(Information shown)

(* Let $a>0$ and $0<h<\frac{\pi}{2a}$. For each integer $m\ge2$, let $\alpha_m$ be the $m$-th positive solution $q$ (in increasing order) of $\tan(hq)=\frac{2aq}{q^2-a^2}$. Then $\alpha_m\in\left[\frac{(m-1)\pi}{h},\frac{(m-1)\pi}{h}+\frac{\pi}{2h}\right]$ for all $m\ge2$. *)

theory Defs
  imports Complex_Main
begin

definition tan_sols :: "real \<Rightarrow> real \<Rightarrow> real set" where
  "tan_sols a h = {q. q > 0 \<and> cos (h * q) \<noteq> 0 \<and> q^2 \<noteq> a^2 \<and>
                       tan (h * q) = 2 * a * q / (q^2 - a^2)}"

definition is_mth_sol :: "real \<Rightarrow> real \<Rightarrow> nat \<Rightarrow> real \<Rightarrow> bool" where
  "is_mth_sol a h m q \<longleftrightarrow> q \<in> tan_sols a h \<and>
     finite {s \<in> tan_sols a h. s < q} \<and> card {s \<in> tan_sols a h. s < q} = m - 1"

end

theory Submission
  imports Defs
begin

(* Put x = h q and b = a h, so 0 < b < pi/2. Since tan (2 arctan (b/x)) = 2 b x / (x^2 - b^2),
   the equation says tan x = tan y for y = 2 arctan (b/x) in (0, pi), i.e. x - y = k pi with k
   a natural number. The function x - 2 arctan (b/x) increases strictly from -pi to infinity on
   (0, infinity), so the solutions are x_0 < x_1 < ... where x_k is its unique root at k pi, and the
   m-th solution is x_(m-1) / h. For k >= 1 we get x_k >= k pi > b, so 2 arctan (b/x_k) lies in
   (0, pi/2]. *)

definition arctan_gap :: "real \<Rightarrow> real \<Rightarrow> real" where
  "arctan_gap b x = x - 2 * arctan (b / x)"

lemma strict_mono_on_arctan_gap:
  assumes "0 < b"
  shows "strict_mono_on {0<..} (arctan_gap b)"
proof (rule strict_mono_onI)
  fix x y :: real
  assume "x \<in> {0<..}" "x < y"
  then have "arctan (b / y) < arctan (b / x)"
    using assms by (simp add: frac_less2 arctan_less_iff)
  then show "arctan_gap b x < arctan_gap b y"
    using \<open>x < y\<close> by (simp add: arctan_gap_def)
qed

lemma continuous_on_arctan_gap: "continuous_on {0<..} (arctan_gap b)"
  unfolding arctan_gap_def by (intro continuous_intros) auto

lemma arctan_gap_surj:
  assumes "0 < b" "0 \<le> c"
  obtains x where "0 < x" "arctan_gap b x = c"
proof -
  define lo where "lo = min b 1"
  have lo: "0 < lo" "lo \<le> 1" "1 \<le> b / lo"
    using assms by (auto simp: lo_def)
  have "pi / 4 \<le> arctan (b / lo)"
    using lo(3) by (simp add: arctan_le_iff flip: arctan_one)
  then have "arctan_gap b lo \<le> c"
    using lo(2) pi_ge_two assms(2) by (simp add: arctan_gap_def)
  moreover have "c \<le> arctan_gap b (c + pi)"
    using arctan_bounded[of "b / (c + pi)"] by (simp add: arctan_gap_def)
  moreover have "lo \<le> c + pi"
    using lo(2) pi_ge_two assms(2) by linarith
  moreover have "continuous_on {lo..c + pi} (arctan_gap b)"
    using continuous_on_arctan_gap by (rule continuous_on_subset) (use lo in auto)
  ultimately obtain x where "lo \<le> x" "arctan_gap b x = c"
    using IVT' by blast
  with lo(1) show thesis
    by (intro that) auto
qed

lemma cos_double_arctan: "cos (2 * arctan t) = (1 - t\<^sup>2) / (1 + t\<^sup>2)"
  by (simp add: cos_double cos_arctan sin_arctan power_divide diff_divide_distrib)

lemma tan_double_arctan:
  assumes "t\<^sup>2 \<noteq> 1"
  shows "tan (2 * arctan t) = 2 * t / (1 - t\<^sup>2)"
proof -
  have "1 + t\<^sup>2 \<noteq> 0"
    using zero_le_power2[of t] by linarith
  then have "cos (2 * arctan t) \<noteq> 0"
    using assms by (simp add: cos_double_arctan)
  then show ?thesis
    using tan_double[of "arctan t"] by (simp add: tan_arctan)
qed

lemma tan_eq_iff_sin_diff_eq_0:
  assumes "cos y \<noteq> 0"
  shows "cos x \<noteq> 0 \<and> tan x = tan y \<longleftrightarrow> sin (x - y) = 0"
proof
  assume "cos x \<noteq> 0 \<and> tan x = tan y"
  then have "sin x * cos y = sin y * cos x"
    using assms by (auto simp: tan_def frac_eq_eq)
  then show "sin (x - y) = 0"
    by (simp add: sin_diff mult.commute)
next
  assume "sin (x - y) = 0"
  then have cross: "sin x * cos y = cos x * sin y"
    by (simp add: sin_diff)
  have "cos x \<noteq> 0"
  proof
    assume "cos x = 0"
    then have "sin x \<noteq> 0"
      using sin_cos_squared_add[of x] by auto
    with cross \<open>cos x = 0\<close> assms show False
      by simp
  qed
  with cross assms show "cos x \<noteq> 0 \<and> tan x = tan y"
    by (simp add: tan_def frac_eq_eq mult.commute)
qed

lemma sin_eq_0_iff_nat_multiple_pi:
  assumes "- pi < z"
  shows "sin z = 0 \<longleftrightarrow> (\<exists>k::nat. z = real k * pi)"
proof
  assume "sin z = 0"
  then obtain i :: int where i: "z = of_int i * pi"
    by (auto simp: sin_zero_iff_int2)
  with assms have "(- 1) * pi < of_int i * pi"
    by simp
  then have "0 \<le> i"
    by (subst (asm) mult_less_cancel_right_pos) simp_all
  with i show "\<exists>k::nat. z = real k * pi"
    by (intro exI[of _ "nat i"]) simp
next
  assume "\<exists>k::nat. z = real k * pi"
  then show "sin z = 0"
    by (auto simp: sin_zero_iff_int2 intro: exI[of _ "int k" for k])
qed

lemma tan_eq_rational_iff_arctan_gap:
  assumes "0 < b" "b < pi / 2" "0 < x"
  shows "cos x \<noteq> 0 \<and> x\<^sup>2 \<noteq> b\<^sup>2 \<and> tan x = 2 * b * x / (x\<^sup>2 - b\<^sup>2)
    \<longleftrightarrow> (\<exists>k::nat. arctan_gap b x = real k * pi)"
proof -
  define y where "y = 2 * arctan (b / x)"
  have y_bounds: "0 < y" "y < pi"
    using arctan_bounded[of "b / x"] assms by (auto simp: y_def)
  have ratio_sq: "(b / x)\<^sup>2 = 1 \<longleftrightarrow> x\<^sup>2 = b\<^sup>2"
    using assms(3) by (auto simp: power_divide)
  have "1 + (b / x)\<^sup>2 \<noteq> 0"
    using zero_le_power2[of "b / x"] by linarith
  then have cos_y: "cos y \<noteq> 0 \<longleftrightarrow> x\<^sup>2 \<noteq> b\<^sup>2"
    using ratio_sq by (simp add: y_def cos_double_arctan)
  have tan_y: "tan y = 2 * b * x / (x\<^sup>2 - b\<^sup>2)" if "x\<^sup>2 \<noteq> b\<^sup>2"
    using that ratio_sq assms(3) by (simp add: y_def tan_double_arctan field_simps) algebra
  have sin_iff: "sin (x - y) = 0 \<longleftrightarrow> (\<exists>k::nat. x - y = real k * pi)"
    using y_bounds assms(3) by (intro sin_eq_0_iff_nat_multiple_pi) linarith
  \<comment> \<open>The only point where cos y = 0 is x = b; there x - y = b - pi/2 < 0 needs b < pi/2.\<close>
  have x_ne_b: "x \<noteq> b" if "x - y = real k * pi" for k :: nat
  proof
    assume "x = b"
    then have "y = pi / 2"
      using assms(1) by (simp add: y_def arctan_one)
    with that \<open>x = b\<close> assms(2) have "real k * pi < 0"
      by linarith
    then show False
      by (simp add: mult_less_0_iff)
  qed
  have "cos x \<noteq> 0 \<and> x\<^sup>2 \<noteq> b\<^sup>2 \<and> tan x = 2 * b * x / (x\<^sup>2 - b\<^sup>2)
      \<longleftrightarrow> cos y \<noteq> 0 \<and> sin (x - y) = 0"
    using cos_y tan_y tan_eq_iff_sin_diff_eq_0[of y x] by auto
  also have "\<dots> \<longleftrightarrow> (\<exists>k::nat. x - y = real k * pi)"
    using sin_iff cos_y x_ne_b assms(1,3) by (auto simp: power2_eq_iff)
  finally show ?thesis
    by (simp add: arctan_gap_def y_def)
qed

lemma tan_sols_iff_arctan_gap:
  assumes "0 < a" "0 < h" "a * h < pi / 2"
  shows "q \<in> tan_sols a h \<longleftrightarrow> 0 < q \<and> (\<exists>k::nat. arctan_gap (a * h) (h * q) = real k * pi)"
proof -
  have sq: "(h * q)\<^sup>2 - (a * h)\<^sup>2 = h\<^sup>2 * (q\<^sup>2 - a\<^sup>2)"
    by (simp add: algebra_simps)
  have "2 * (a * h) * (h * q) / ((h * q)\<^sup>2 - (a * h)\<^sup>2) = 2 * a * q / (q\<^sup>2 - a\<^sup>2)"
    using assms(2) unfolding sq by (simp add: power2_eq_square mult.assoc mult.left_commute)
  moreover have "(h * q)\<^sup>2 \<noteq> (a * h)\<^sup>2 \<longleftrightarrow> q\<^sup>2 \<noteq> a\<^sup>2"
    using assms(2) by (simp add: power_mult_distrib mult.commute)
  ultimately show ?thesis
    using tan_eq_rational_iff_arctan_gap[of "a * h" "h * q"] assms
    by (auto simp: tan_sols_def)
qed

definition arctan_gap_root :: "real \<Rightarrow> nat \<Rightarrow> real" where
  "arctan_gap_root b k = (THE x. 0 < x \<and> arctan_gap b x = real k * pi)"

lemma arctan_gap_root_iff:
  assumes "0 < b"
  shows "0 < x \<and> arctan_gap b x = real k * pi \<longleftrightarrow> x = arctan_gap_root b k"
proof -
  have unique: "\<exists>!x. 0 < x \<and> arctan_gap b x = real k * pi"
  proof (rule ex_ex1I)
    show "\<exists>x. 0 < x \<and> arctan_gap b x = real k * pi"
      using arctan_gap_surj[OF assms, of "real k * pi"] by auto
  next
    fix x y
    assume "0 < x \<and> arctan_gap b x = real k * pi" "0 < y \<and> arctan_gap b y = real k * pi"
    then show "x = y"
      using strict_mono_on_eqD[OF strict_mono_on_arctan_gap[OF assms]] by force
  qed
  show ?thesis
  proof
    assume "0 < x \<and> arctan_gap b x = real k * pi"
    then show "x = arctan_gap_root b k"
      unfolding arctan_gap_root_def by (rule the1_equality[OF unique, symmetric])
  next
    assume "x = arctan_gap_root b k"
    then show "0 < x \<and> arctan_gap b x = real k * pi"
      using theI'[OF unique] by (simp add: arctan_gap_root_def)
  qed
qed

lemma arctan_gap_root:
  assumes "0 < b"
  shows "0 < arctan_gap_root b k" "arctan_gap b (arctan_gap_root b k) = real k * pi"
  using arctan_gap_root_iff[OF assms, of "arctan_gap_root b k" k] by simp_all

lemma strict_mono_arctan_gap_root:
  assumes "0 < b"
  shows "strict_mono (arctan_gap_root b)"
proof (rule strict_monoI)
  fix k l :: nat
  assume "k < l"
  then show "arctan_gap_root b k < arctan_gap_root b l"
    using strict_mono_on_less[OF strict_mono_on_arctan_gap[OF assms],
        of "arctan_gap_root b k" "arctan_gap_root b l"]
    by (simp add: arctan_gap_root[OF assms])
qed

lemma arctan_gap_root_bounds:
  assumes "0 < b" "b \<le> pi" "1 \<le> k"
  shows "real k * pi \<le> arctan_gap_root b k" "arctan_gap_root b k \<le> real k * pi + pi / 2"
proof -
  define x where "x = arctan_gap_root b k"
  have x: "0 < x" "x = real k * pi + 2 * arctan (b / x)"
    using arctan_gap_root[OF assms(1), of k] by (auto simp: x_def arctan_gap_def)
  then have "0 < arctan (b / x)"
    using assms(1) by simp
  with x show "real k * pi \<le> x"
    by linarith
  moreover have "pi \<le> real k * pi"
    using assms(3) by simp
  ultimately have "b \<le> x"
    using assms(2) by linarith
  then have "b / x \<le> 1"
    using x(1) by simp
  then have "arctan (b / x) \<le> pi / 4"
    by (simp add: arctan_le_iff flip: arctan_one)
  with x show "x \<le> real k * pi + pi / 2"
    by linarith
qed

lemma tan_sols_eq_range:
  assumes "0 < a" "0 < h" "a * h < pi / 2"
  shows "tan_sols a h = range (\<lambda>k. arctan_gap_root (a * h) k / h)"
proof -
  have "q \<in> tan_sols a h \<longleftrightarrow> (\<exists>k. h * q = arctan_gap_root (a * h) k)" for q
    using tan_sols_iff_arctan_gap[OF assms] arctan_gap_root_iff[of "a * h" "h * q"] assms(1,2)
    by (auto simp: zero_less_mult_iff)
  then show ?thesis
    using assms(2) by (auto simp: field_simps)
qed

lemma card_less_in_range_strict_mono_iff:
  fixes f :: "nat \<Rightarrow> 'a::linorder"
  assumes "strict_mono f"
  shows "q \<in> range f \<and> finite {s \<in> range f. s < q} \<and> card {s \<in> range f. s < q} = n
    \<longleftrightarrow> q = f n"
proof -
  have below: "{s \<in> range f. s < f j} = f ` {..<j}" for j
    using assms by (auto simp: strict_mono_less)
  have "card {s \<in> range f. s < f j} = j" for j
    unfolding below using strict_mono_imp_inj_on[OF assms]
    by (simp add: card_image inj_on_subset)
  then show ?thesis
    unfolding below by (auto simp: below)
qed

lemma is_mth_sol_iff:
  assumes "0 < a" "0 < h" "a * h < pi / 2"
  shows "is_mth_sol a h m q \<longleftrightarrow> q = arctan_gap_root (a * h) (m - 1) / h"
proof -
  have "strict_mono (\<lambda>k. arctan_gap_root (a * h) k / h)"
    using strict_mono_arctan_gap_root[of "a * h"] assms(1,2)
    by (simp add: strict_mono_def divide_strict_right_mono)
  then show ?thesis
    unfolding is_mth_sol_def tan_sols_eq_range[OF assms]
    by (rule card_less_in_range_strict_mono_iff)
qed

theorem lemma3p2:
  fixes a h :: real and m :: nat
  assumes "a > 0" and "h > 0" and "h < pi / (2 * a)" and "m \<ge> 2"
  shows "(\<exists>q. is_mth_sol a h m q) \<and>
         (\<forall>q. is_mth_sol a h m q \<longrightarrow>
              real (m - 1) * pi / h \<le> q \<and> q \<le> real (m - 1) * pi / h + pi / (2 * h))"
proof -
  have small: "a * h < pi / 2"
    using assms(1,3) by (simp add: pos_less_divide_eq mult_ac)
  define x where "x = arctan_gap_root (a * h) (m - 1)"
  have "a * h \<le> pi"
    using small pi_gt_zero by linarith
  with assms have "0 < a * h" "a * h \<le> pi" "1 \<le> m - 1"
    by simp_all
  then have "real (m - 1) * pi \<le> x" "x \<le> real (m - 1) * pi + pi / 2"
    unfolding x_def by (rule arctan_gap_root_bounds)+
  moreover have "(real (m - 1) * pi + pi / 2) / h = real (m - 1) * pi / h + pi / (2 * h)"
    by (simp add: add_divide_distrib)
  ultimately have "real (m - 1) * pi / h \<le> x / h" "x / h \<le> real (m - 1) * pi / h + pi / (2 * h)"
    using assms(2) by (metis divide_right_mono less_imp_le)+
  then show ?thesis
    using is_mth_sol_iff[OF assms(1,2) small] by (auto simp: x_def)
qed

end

(End Information shown)

## Exercise objective
From the "using assms(1,3) by" line to the close of the listing, restate each line word for word.

## Expected output
    using assms(1,3) by (simp add: pos_less_divide_eq mult_ac)
  define x where "x = arctan_gap_root (a * h) (m - 1)"
  have "a * h \<le> pi"
    using small pi_gt_zero by linarith
  with assms have "0 < a * h" "a * h \<le> pi" "1 \<le> m - 1"
    by simp_all
  then have "real (m - 1) * pi \<le> x" "x \<le> real (m - 1) * pi + pi / 2"
    unfolding x_def by (rule arctan_gap_root_bounds)+
  moreover have "(real (m - 1) * pi + pi / 2) / h = real (m - 1) * pi / h + pi / (2 * h)"
    by (simp add: add_divide_distrib)
  ultimately have "real (m - 1) * pi / h \<le> x / h" "x / h \<le> real (m - 1) * pi / h + pi / (2 * h)"
    using assms(2) by (metis divide_right_mono less_imp_le)+
  then show ?thesis
    using is_mth_sol_iff[OF assms(1,2) small] by (auto simp: x_def)
qed

end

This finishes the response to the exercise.